MSU averaged 91 points in the three wins and allowed 71.7 points, buoyed by Saturday’s 89-52 throttling of the Cornhuskers after opening Big Ten play with a 90-72 victory over the Gophers. It is the defensive side, though, where senior guard Jaden Akins said he feels the Spartans have made the most growth since the start of the season.

“I feel like we’ve been really connected on that end,” Akins said Friday after practice. “And our offense has definitely picked up a lot, just making shots, and that’s helped us a lot.”

The Spartans owned the rebounding in the three games (38.3-23.7) and held opponents to 42.9% shooting overall and 32.9% from 3-point range. They also finally started to hit from outside themselves, making 39.3% from behind the arc while hitting 57.3% overall and assisting on 61 of 91 (67%) of their made baskets.

Izzo said the success came from improved ball movement and an accelerated tempo in transition. MSU scored 65 points on the fastbreak and 109 points in the paint. And it got contributions from across the 10-deep rotation in each game, with Tre Holloman’s 19 points against UNC and Akins’ 18 against Nebraska the high-scoring marks of the 273 total points scored.

“I feel like we’ve been shooting the ball a lot better as a team,” freshman Jase Richardson said Friday. “The past couple games, we’ve been shooting really well. But I also just think just the communication on the court, we definitely have been talking to each other offensively and defensively. So that definitely is making the game a lot easier for us to make reads and then get stops on defense.”

Though Izzo saw plenty of steps forward from all three games in Maui and the two wins to open Big Ten play, he cautioned it is a small sample size.

“I tell my guys we just can’t have any excuses this year,” Izzo said. “We just got to play and practice to get better every day and not worry about if it’s a three-game stretch or a five-game stretch. I mean, I look at the season and there’s gonna be so many strange things with the (expanded 18-team Big Ten) and where we travel to and what goes on. We just gotta be ready to play every time we get a chance to play.”

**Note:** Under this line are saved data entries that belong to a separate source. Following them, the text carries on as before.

(* Assume Assumption 1, Assumption 2 and the null hypothesis $H_0:\ T_i(1)=T_i(0)$ for all $i$, and condition on $\boldsymbol{T}(1),\boldsymbol{T}(0)$. Then for every unit $i$ and time $t$, $$\mathbb{E}\{Z_i\mathbb{1}(W_i\ge t)\mid\boldsymbol{T}(1),\boldsymbol{T}(0),\mathbb{1}(W_i\ge t),\Delta_i\mathbb{1}(W_i=t)\}=\mathbb{E}\{Z_i\mathbb{1}(W_i\ge t)\mid\boldsymbol{T}(1),\boldsymbol{T}(0),\mathbb{1}(W_i\ge t)\}=\mathbb{1}(W_i\ge t)\,\phi(t).$$
   Context: There are $n$ units. Unit $i$ has potential event times $T_i(1),T_i(0)\ge 0$, potential censoring times $C_i(1),C_i(0)\in[0,\infty]$, and treatment indicator $Z_i\in\{0,1\}$; bold letters denote $n$-vectors. Assumption 1: conditional on $\boldsymbol{T}(1),\boldsymbol{T}(0),\boldsymbol{C}(1),\boldsymbol{C}(0)$, the $Z_i$ are i.i.d. Bernoulli$(p_1)$, $p_1=1-p_0\in(0,1)$. Assumption 2: $(\boldsymbol{C}(1),\boldsymbol{C}(0))$ is independent of $(\boldsymbol{T}(1),\boldsymbol{T}(0))$ and the pairs $(C_i(1),C_i(0))$ are i.i.d. across $i$. $G_z(c)=\Pr(C_i(z)\ge c)$, $\phi(t)=p_1G_1(t)/\{p_1G_1(t)+p_0G_0(t)\}$. Realized: $T_i=Z_iT_i(1)+(1-Z_i)T_i(0)$, $C_i=Z_iC_i(1)+(1-Z_i)C_i(0)$, $W_i=\min\{T_i,C_i\}$, $\Delta_i=\mathbb{1}(T_i\le C_i)$. *)

theory Defs
  imports "HOL-Probability.Probability"
begin

definition realT :: "bool \<Rightarrow> real \<Rightarrow> real \<Rightarrow> real" where
  "realT z t1 t0 = (if z then t1 else t0)"

definition realC :: "bool \<Rightarrow> ereal \<Rightarrow> ereal \<Rightarrow> ereal" where
  "realC z c1 c0 = (if z then c1 else c0)"

definition obsW :: "bool \<Rightarrow> real \<Rightarrow> real \<Rightarrow> ereal \<Rightarrow> ereal \<Rightarrow> ereal" where
  "obsW z t1 t0 c1 c0 = min (ereal (realT z t1 t0)) (realC z c1 c0)"

definition obsDelta :: "bool \<Rightarrow> real \<Rightarrow> real \<Rightarrow> ereal \<Rightarrow> ereal \<Rightarrow> bool" where
  "obsDelta z t1 t0 c1 c0 = (ereal (realT z t1 t0) \<le> realC z c1 c0)"

(* phi(t) = p1 G1(t) / (p1 G1(t) + p0 G0(t)), with p0 = 1 - p1
   (Isabelle convention x / 0 = 0 when the denominator vanishes) *)
definition phi :: "real \<Rightarrow> (real \<Rightarrow> real) \<Rightarrow> (real \<Rightarrow> real) \<Rightarrow> real \<Rightarrow> real" where
  "phi p1 G1 G0 t = p1 * G1 t / (p1 * G1 t + (1 - p1) * G0 t)"

end

theory Submission
  imports Defs
begin

text \<open>Under \<open>H\<^sub>0\<close> the event time of unit \<open>i\<close> does not depend on \<open>Z\<^sub>i\<close>, so once the potential
  outcomes are fixed it is a constant \<open>\<tau>\<close>. Then \<open>\<Delta>\<^sub>i \<one>(W\<^sub>i = t)\<close> is \<open>\<one>(W\<^sub>i \<ge> t)\<close> if \<open>\<tau> = t\<close> and zero
  otherwise, so both conditional expectations are taken with respect to the \<open>\<sigma>\<close>-algebra generated
  by the single event \<open>{W\<^sub>i \<ge> t}\<close>, and on that event they equal
  \<open>P(Z\<^sub>i, W\<^sub>i \<ge> t) / P(W\<^sub>i \<ge> t)\<close>. For \<open>t \<le> \<tau>\<close> the independence of treatment and censoring
  gives \<open>P(Z\<^sub>i, W\<^sub>i \<ge> t) = p\<^sub>1 G\<^sub>1(t)\<close> and \<open>P(W\<^sub>i \<ge> t) = p\<^sub>1 G\<^sub>1(t) + p\<^sub>0 G\<^sub>0(t)\<close>; for \<open>t > \<tau>\<close>
  both vanish.\<close>

lemma vimage_algebra_inj_comp_count_space:
  assumes "inj g"
  shows "vimage_algebra X (\<lambda>x. g (f x)) (count_space UNIV) = vimage_algebra X f (count_space UNIV)"
proof -
  have "sets (vimage_algebra UNIV g (count_space UNIV)) = {g -` A | A. A \<in> sets (count_space UNIV)}"
    by (subst sets_vimage_algebra2) auto
  also have "\<dots> = sets (count_space UNIV)"
    using inj_vimage_image_eq[OF assms] by auto metis
  finally have "vimage_algebra X f (vimage_algebra UNIV g (count_space UNIV))
      = vimage_algebra X f (count_space UNIV)"
    by (intro vimage_algebra_cong) auto
  then show ?thesis
    by (subst (asm) vimage_algebra_vimage_algebra_eq) auto
qed

lemma subalgebra_vimage_algebra:
  assumes "f \<in> measurable M N"
  shows "subalgebra M (vimage_algebra (space M) f N)"
  unfolding subalgebra_def using sets_image_in_sets[OF refl assms] by simp

lemma sigma_sets_PiM_component_event:
  assumes "i \<in> I" "B \<in> sets (N i)"
    and X: "\<And>j \<omega>. j \<in> I \<Longrightarrow> \<omega> \<in> space M \<Longrightarrow> X j \<omega> \<in> space (N j)"
  shows "{\<omega> \<in> space M. X i \<omega> \<in> B}
    \<in> sigma_sets (space M) {(\<lambda>\<omega>. \<lambda>j\<in>I. X j \<omega>) -` A \<inter> space M | A. A \<in> sets (Pi\<^sub>M I N)}"
proof -
  let ?A = "(\<lambda>x. x i) -` B \<inter> space (Pi\<^sub>M I N)"
  have "?A \<in> sets (Pi\<^sub>M I N)"
    using measurable_component_singleton[OF \<open>i \<in> I\<close>, of N] \<open>B \<in> sets (N i)\<close> by measurable
  moreover have "{\<omega> \<in> space M. X i \<omega> \<in> B} = (\<lambda>\<omega>. \<lambda>j\<in>I. X j \<omega>) -` ?A \<inter> space M"
    using \<open>i \<in> I\<close> X by (auto simp: space_PiM)
  ultimately show ?thesis by blast
qed

lemma obsW_ge_iff:
  "ereal t \<le> obsW z t1 t0 c1 c0 \<longleftrightarrow> t \<le> realT z t1 t0 \<and> ereal t \<le> realC z c1 c0"
  by (simp add: obsW_def)

lemma obsDelta_obsW_eq_iff:
  "obsDelta z t1 t0 c1 c0 \<and> obsW z t1 t0 c1 c0 = ereal t
    \<longleftrightarrow> realT z t1 t0 = t \<and> ereal t \<le> obsW z t1 t0 c1 c0"
  by (auto simp: obsDelta_def obsW_def min_def)

lemma phi_mult_denom:
  assumes "0 \<le> p1" "p1 \<le> 1" "0 \<le> G1 t" "0 \<le> G0 t"
  shows "phi p1 G1 G0 t * (p1 * G1 t + (1 - p1) * G0 t) = p1 * G1 t"
proof (cases "p1 * G1 t + (1 - p1) * G0 t = 0")
  case True
  moreover have "0 \<le> p1 * G1 t" "0 \<le> (1 - p1) * G0 t"
    using assms by auto
  ultimately have "p1 * G1 t = 0" by linarith
  with True show ?thesis by (simp add: phi_def)
qed (simp add: phi_def)

context prob_space
begin

lemma prob_Collect_not:
  assumes "{\<omega> \<in> space M. P \<omega>} \<in> events"
  shows "prob {\<omega> \<in> space M. \<not> P \<omega>} = 1 - prob {\<omega> \<in> space M. P \<omega>}"
proof -
  have "space M - {\<omega> \<in> space M. P \<omega>} = {\<omega> \<in> space M. \<not> P \<omega>}"
    by auto
  then show ?thesis
    using prob_compl[OF assms] by simp
qed

lemma prob_Collect_if:
  assumes "{\<omega> \<in> space M. Z \<omega> \<and> F1 \<omega>} \<in> events" "{\<omega> \<in> space M. \<not> Z \<omega> \<and> F0 \<omega>} \<in> events"
  shows "{\<omega> \<in> space M. if Z \<omega> then F1 \<omega> else F0 \<omega>} \<in> events"
    and "prob {\<omega> \<in> space M. if Z \<omega> then F1 \<omega> else F0 \<omega>}
      = prob {\<omega> \<in> space M. Z \<omega> \<and> F1 \<omega>} + prob {\<omega> \<in> space M. \<not> Z \<omega> \<and> F0 \<omega>}"
proof -
  have split: "{\<omega> \<in> space M. if Z \<omega> then F1 \<omega> else F0 \<omega>}
      = {\<omega> \<in> space M. Z \<omega> \<and> F1 \<omega>} \<union> {\<omega> \<in> space M. \<not> Z \<omega> \<and> F0 \<omega>}"
    by auto
  show "{\<omega> \<in> space M. if Z \<omega> then F1 \<omega> else F0 \<omega>} \<in> events"
    unfolding split using assms by blast
  show "prob {\<omega> \<in> space M. if Z \<omega> then F1 \<omega> else F0 \<omega>}
      = prob {\<omega> \<in> space M. Z \<omega> \<and> F1 \<omega>} + prob {\<omega> \<in> space M. \<not> Z \<omega> \<and> F0 \<omega>}"
    unfolding split using assms by (auto intro: finite_measure_Union)
qed
theorem lemma3p7:
  fixes N K :: nat and \<sigma> \<tau> \<beta> t :: real and \<psi> :: "real \<Rightarrow> real"
    and x :: "nat \<Rightarrow> real \<Rightarrow> 'a::euclidean_space"
  assumes N: "N \<ge> 2"
    and sig: "0 \<le> \<sigma>" "\<sigma> \<le> \<tau>"
    and psi_cont: "continuous_on {0..} \<psi>"
    and psi_mono: "\<And>a b. 0 \<le> a \<Longrightarrow> a \<le> b \<Longrightarrow> \<psi> b \<le> \<psi> a"
    and psi_pos: "\<And>r. 0 \<le> r \<Longrightarrow> 0 < \<psi> r"
    and psi_le1: "\<And>r. 0 \<le> r \<Longrightarrow> \<psi> r \<le> 1"
    and x_cont: "\<And>i. i \<in> {1..N} \<Longrightarrow> continuous_on {-\<tau>..} (x i)"
    and x_ode: "\<And>i t. i \<in> {1..N} \<Longrightarrow> 0 < t \<Longrightarrow>
                  (x i has_vector_derivative rhs N \<sigma> \<tau> \<psi> x i t) (at t)"
    and x_C1: "\<And>i. i \<in> {1..N} \<Longrightarrow>
                  continuous_on {0..} (\<lambda>t. vector_derivative (x i) (at t within {0..}))"
    and beta: "\<beta> > 0"
    and K: "real K * \<sigma> \<ge> 2 * \<tau>" "\<And>k. k < K \<Longrightarrow> real k * \<sigma> < 2 * \<tau>"
    and t: "t \<in> {0..2*\<tau>}"
  shows "Ffun N \<tau> \<beta> x t
           \<le> (Zs \<sigma> K + Zs \<sigma> (K - 1) * \<beta> * (1 - (1 + 2*\<tau>) * exp (-(2*\<tau>)))) * Delta0 N \<tau> x"
proof -
  define \<Delta> where "\<Delta> = Delta0 N \<tau> x"
  define c where "c = 1 - (1 + 2 * \<tau>) * exp (-(2 * \<tau>))"
  have psi_nonneg: "\<And>r. 0 \<le> r \<Longrightarrow> 0 \<le> \<psi> r" using psi_pos less_imp_le by blast
  have spread0: "spread_le N x {-\<tau>..0} \<Delta>"
    unfolding \<Delta>_def by (intro spread_le_Delta0) (auto intro: continuous_on_subset[OF x_cont])
  have \<Delta>0: "0 \<le> \<Delta>" using spread_le_nonneg[OF spread0, where s=0] N sig by simp
  have spread: "spread_le N x {-\<tau>..real k * \<sigma>} (Zs \<sigma> k * \<Delta>)" for k
    using spread_le_power[OF N sig psi_nonneg psi_le1 x_cont x_ode spread0, of k]
      power_le_Zs[OF sig(1), of k] \<Delta>0 by (auto intro: spread_le_mono mult_right_mono)
  have diam: "diam N x t \<le> Zs \<sigma> K * \<Delta>"
    using diam_le_if_spread_le[OF spread[of K]] N sig K(1) t by auto
  have "integral {0..t} (\<lambda>s. exp (-(t - s)) * integral {s..t}
      (\<lambda>r. Max ((\<lambda>i. norm (vector_derivative (x i) (at r))) ` {1..N})))
      \<le> Zs \<sigma> (K - 1) * \<Delta> * c"
    unfolding c_def
  proof (rule exp_weighted_double_integral_le)
    fix r assume r: "0 < r" "r \<le> t"
    then have "K \<noteq> 0" using K(1) t by (intro notI) simp
    then have "r \<le> real (K - 1) * \<sigma> + \<sigma>" using K(1) t r by (simp add: of_nat_diff algebra_simps)
    then show "Max ((\<lambda>i. norm (vector_derivative (x i) (at r))) ` {1..N}) \<le> Zs \<sigma> (K - 1) * \<Delta>"
      using r by (intro Max_norm_vector_derivative_le_if_spread_le[OF N sig psi_nonneg psi_le1 x_ode spread])
  qed (use t \<Delta>0 Zs_nonneg[OF sig(1)] in auto)
  moreover have "max 0 (t - 2 * \<tau>) = 0" using t by simp
  ultimately have "Ffun N \<tau> \<beta> x t \<le> Zs \<sigma> K * \<Delta> + \<beta> * (Zs \<sigma> (K - 1) * \<Delta> * c)"
    unfolding Ffun_def using diam beta by (intro add_mono mult_left_mono) auto
  then show ?thesis unfolding \<Delta>_def c_def by (simp add: algebra_simps)
qed
lemma symmetric_multider_lie_deriv:
  assumes f: "symmetric_multider scale k f"
  shows "symmetric_multider scale k (lie_deriv br x f)"
proof (rule symmetric_multiderI)
  show "symmetric_on k (lie_deriv br x f)"
    by (rule symmetric_on_lie_deriv[OF symmetric_multider_symmetric[OF f]])
next
  fix a b :: 'a and ys :: "'a list"
  assume l: "Suc (length ys) = k"
  have "ad_args br x (\<lambda>w. f ((a + b) # w)) ys
      = ad_args br x (\<lambda>w. f (a # w)) ys + ad_args br x (\<lambda>w. f (b # w)) ys"
    using symmetric_multider_add[OF f] l by (simp add: ad_args_add[symmetric] cong: ad_args_cong)
  then show "lie_deriv br x f ((a + b) # ys) = lie_deriv br x f (a # ys) + lie_deriv br x f (b # ys)"
    using l by (simp add: lie_deriv_def ad_args_Cons symmetric_multider_add[OF f] br_add_right add_ac)
next
  fix c a and ys :: "'a list"
  assume l: "Suc (length ys) = k"
  have "ad_args br x (\<lambda>w. f (scale c a # w)) ys = scale c (ad_args br x (\<lambda>w. f (a # w)) ys)"
    using symmetric_multider_scale[OF f] l by (simp add: ad_args_scale[symmetric] cong: ad_args_cong)
  then show "lie_deriv br x f (scale c a # ys) = scale c (lie_deriv br x f (a # ys))"
    using l by (simp add: lie_deriv_def ad_args_Cons symmetric_multider_scale[OF f]
        br_scale_right scale_right_distrib)
next
  fix a :: 'a and ys :: "'a list"
  assume l: "Suc (Suc (length ys)) = k"
  have "ad_args br x (\<lambda>w. f (a # a # w)) ys = 0"
    using symmetric_multider_repeat[OF f] l by (simp add: ad_args_zero cong: ad_args_cong)
  then show "lie_deriv br x f (a # a # ys) = 0"
    using l symmetric_multider_swap[OF f, of ys "br x a" a]
    by (simp add: lie_deriv_def ad_args_Cons symmetric_multider_repeat[OF f])
qed (rule lie_deriv_Cons_mult[OF f])

lemma dCE_Cons_mult:
  assumes f: "symmetric_multider scale k f" and lk: "length ys = k"
  shows "dCE br f ((a * b) # ys) = a * dCE br f (b # ys) + b * dCE br f (a # ys)"
proof -
  have sym: "symmetric_on (length ys) f"
    using symmetric_multider_symmetric[OF f] lk by simp
  have "dCE br (\<lambda>w. f ((a * b) # w)) ys = dCE br (\<lambda>w. a * f (b # w) + b * f (a # w)) ys"
    using symmetric_multider_mult[OF f] lk by (intro dCE_cong) simp
  also have "\<dots> = a * dCE br (\<lambda>w. f (b # w)) ys + b * dCE br (\<lambda>w. f (a # w)) ys
      + ((\<Sum>i<length ys. br (ys ! i) a * f (b # del_at i ys))
        + (\<Sum>i<length ys. br (ys ! i) b * f (a # del_at i ys)))"
    by (simp add: dCE_add dCE_mult add_ac)
  finally have d: "dCE br (\<lambda>w. f ((a * b) # w)) ys = \<dots>" .
  txt \<open>The terms produced by the Leibniz rule in the point and in the slots cancel.\<close>
  have "(\<Sum>i<length ys. br b (ys ! i) * f (ys[i := a]) + br a (ys ! i) * f (ys[i := b]))
      = (\<Sum>i<length ys. br (ys ! i) a * f (b # del_at i ys))
        + (\<Sum>i<length ys. br (ys ! i) b * f (a # del_at i ys))"
    by (simp add: sum.distrib[symmetric] symmetric_multider_update[OF f lk] lk
        br_commute[of _ "ys ! _"] add_ac)
  then show ?thesis
    by (simp add: dCE_Cons[OF sym] d lie_deriv_mult_point[OF f lk] distrib_left add_ac)
qed
(* Let $k\in\mathbb{R}$ with $k\neq0$ and $|k|\neq1$, and let $g:\mathbb{R}^d\to\mathbb{R}^d$ be a homeomorphism topologically conjugate to the homothety $x\mapsto kx$. Then $g$ satisfies the topological shadowing property.
   Context: Let $(X,d)$ be a metric space and $f:X\to X$ a homeomorphism; $\mathcal{C}^+=\{\epsilon:X\to\mathbb{R}^+ : \epsilon \text{ continuous}\}$. For $\delta\in\mathcal{C}^+$, a sequence $\{x_n\}_{n\in\mathbb{Z}}\subset X$ is a $\delta$-pseudo-orbit of $f$ if $d(f(x_n),x_{n+1})<\delta(f(x_n))$ for every $n\in\mathbb{Z}$. For $\epsilon\in\mathcal{C}^+$, the sequence $\{x_n\}$ is $\epsilon$-shadowed by an orbit if there is $y\in X$ with $d(f^n(y),x_n)<\epsilon(x_n)$ for every $n\in\mathbb{Z}$. The homeomorphism $f$ satisfies the topological shadowing property if for every $\epsilon\in\mathcal{C}^+$ there exists $\delta\in\mathcal{C}^+$ such that every $\delta$-pseudo-orbit is $\epsilon$-shadowed by an orbit. $\mathbb{R}^d$ carries the Euclidean metric. *)

theory Defs
  imports "HOL-Analysis.Analysis"
begin

definition pos_cont :: "('a::metric_space \<Rightarrow> real) \<Rightarrow> bool" where
  "pos_cont e \<longleftrightarrow> continuous_on UNIV e \<and> (\<forall>x. 0 < e x)"

definition int_iter :: "('a \<Rightarrow> 'a) \<Rightarrow> int \<Rightarrow> 'a \<Rightarrow> 'a" where
  "int_iter f n = (if 0 \<le> n then f ^^ nat n else inv f ^^ nat (- n))"

definition pseudo_orbit :: "('a::metric_space \<Rightarrow> 'a) \<Rightarrow> ('a \<Rightarrow> real) \<Rightarrow> (int \<Rightarrow> 'a) \<Rightarrow> bool" where
  "pseudo_orbit f \<delta> x \<longleftrightarrow> (\<forall>n. dist (f (x n)) (x (n + 1)) < \<delta> (f (x n)))"

definition shadowed :: "('a::metric_space \<Rightarrow> 'a) \<Rightarrow> ('a \<Rightarrow> real) \<Rightarrow> (int \<Rightarrow> 'a) \<Rightarrow> bool" where
  "shadowed f \<epsilon> x \<longleftrightarrow> (\<exists>y. \<forall>n. dist (int_iter f n y) (x n) < \<epsilon> (x n))"

definition topological_shadowing :: "('a::metric_space \<Rightarrow> 'a) \<Rightarrow> bool" where
  "topological_shadowing f \<longleftrightarrow>
     (\<forall>\<epsilon>. pos_cont \<epsilon> \<longrightarrow> (\<exists>\<delta>. pos_cont \<delta> \<and>
        (\<forall>x. pseudo_orbit f \<delta> x \<longrightarrow> shadowed f \<epsilon> x)))"

end

theory Submission
  imports Defs
begin

text \<open>Write e(j) = x(j+1) - k x(j) for the jumps of a pseudo-orbit x of the homothety x |-> k x.
  For |k| < 1 the correction S(n) = (SUM i. k^i e(n-1-i)), and for |k| > 1 the correction
  S(n) = - (SUM i. k^(-i-1) e(n+i)), turns x - S into a true orbit. As the jumps are at most 1,
  |x(n)| exceeds |x(j)| by at most 1/|1 - |k|| whenever e(j) enters S(n); so a continuous delta(q)
  below a multiple of the minimum of epsilon on the ball of radius |q|/|k| + 1/|1 - |k|| makes all
  these jumps small relative to epsilon(x(n)). Shadowing then transfers along the conjugacy, since
  homeomorphisms of proper spaces have positive continuous moduli of continuity.\<close>

lemma pos_cont_bounded_below_on_compact:
  assumes "pos_cont \<epsilon>" and "compact K"
  shows "\<exists>m>0. \<forall>p\<in>K. m \<le> \<epsilon> p"
proof (cases "K = {}")
  case True
  then show ?thesis by (intro exI[of _ 1]) auto
next
  case False
  have "continuous_on K \<epsilon>" and pos: "\<And>p. 0 < \<epsilon> p"
    using assms(1) continuous_on_subset by (auto simp: pos_cont_def)
  then obtain p0 where "p0 \<in> K" "\<forall>p\<in>K. \<epsilon> p0 \<le> \<epsilon> p"
    using continuous_attains_inf[OF assms(2) False] by blast
  then show ?thesis using pos[of p0] by blast
qed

Izzo also expressed some wariness about players “getting stale” with the 10-day break for finals week between the win over Nebraska and Tuesday’s trip to Detroit to face Oakland (3-5, 1-1 Horizon League). The Golden Grizzlies also will have a 10-day gap between games since their 66-50 conference loss at Youngstown State on Saturday. Coach Greg Kampe‘s team lost three nonconference road games, including at Illinois and No. 1 Kansas, as well as at home to Eastern Michigan, but beat Toledo and Wright State before Saturday’s loss.

MSU has never lost to Oakland in 22 meetings, dating back to the Golden Grizzlies moving to Division I in 1998. That includes three wins at LCA, most recently a 90-78 victory on Dec. 21, 2021.

The Spartans’ last trip to LCA was the 88-64 blowout of Baylor on Dec. 16, 2023. Izzo said he might bring officials into MSU’s practice Sunday before they head to Detroit, where he plans to take the team to the Pistons-Miami Heat game Monday ahead of Tuesday’s matchup.

“Detroit’s been pretty good to Tom Izzo and Michigan State,” Izzo said. “So I’m looking forward to going down there and spending some time with people that don’t get to see ya and maybe that appreciate you. That’ll be fun, too.”